##### DATA SUPPLIED

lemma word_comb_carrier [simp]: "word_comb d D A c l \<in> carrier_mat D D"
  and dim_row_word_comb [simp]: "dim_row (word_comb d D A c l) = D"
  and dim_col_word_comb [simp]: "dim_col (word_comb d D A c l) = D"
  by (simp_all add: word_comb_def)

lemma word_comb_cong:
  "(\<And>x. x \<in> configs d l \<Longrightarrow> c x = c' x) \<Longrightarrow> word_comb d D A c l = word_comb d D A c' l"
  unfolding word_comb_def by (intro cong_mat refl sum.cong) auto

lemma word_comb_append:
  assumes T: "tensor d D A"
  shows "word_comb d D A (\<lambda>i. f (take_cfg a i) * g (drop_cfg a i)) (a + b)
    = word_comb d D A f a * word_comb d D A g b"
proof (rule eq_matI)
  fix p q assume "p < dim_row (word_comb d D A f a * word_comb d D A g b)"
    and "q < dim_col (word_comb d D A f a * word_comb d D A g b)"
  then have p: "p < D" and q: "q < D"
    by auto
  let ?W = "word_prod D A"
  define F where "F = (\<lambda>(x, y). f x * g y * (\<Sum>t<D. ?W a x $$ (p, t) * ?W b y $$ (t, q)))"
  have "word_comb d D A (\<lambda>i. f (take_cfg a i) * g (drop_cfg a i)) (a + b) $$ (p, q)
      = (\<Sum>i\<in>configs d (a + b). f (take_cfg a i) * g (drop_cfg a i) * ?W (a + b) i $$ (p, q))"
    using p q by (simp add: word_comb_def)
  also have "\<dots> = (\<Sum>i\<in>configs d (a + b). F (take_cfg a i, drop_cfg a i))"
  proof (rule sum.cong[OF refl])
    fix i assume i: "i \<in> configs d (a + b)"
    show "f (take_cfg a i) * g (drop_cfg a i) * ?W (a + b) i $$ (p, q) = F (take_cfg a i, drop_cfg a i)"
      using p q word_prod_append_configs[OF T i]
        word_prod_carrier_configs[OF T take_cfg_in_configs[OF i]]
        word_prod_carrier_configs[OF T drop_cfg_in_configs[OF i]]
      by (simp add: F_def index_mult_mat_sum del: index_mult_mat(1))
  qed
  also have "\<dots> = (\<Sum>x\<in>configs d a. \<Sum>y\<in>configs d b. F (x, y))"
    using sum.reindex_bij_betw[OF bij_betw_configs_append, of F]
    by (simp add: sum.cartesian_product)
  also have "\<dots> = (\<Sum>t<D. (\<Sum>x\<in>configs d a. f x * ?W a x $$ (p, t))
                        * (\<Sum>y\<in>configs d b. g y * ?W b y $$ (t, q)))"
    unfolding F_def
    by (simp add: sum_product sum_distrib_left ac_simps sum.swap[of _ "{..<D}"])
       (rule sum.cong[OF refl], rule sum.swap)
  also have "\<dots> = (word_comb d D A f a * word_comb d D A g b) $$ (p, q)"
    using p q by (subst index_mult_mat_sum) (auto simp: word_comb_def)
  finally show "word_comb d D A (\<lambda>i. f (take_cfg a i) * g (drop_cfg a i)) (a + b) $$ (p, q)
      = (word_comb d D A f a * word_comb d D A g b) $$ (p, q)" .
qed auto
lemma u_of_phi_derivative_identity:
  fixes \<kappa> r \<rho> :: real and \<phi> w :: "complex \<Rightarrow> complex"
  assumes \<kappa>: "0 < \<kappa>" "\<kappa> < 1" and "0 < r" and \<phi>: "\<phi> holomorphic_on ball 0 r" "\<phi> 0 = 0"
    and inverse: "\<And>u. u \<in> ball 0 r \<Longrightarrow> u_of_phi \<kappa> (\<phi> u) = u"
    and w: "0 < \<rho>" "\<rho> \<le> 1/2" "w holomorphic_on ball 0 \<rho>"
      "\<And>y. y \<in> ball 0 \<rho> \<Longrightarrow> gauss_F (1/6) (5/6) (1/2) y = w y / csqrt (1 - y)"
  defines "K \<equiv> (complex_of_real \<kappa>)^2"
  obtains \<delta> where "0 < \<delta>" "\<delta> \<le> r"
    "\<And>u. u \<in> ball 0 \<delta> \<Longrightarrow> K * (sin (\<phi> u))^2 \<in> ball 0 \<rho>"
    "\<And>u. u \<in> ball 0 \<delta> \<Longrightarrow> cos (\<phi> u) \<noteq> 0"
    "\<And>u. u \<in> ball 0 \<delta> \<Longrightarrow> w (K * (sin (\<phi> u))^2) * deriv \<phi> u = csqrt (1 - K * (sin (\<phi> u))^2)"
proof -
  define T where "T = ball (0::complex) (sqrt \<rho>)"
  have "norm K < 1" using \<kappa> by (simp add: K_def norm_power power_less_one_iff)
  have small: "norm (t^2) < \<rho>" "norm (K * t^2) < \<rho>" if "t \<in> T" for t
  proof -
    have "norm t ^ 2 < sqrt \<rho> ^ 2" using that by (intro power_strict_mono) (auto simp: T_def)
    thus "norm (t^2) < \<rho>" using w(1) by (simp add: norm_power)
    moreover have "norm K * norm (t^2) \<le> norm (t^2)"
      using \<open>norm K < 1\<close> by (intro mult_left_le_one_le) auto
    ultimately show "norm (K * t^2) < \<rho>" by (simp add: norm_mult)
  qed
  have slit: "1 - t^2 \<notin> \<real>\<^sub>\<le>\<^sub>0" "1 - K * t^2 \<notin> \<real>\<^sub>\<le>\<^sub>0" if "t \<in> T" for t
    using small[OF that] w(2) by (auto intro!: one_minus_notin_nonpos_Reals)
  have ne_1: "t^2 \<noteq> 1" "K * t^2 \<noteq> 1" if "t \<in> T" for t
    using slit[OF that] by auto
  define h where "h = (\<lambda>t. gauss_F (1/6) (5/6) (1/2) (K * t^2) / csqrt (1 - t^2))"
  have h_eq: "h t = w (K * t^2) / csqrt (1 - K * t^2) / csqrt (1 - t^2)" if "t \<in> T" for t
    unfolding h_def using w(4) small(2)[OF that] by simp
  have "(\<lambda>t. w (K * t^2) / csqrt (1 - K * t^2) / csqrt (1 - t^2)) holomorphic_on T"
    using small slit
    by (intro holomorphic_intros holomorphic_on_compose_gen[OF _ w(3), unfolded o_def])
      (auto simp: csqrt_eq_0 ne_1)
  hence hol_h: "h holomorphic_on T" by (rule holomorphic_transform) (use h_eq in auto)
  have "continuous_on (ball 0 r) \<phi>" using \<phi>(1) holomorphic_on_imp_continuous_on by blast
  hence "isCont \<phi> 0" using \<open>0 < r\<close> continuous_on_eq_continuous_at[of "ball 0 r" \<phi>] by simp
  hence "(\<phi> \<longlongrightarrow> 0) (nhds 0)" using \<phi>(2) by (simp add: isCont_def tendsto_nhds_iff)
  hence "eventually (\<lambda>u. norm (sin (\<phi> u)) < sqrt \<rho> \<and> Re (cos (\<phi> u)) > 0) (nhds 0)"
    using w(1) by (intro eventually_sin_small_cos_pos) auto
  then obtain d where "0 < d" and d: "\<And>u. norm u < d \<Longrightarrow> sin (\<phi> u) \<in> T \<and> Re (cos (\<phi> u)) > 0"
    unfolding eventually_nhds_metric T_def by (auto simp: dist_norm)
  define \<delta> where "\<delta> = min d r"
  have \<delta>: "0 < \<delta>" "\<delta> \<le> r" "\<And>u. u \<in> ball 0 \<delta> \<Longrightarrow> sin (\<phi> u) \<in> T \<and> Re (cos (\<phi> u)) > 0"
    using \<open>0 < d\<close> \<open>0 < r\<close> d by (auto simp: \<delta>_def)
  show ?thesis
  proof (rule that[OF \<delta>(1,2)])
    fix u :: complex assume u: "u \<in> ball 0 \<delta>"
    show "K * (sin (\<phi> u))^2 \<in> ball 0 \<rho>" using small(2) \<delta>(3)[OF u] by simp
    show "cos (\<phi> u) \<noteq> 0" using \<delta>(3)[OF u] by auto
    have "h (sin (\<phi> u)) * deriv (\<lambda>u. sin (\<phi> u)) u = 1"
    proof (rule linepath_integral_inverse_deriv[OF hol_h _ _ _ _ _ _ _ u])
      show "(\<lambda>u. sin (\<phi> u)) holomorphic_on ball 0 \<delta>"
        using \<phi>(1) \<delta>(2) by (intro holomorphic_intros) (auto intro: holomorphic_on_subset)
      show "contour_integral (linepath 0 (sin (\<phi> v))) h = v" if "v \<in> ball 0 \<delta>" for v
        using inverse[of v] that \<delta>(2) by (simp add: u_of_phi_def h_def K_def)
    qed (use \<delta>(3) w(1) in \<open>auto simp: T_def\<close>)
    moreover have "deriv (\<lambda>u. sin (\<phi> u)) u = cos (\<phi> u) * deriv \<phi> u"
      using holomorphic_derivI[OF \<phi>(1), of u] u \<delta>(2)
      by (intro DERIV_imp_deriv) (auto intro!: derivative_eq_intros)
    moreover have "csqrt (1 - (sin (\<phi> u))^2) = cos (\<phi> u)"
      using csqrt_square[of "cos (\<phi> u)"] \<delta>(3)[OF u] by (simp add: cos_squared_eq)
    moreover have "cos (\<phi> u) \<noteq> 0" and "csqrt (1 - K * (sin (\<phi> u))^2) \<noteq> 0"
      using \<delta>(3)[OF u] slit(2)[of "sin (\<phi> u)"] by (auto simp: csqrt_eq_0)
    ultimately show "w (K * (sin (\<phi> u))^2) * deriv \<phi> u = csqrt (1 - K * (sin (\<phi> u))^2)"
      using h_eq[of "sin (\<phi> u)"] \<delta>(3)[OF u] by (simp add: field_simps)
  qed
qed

##########

• **WHAT YOU ARE ASKED TO DO**
From the first line of the listing above through the line that contains "fix p q assume", set down each line without alteration, and nothing else.

• **PROBLEM SOLUTION**
lemma word_comb_carrier [simp]: "word_comb d D A c l \<in> carrier_mat D D"
  and dim_row_word_comb [simp]: "dim_row (word_comb d D A c l) = D"
  and dim_col_word_comb [simp]: "dim_col (word_comb d D A c l) = D"
  by (simp_all add: word_comb_def)

lemma word_comb_cong:
  "(\<And>x. x \<in> configs d l \<Longrightarrow> c x = c' x) \<Longrightarrow> word_comb d D A c l = word_comb d D A c' l"
  unfolding word_comb_def by (intro cong_mat refl sum.cong) auto

lemma word_comb_append:
  assumes T: "tensor d D A"
  shows "word_comb d D A (\<lambda>i. f (take_cfg a i) * g (drop_cfg a i)) (a + b)
    = word_comb d D A f a * word_comb d D A g b"
proof (rule eq_matI)
  fix p q assume "p < dim_row (word_comb d D A f a * word_comb d D A g b)"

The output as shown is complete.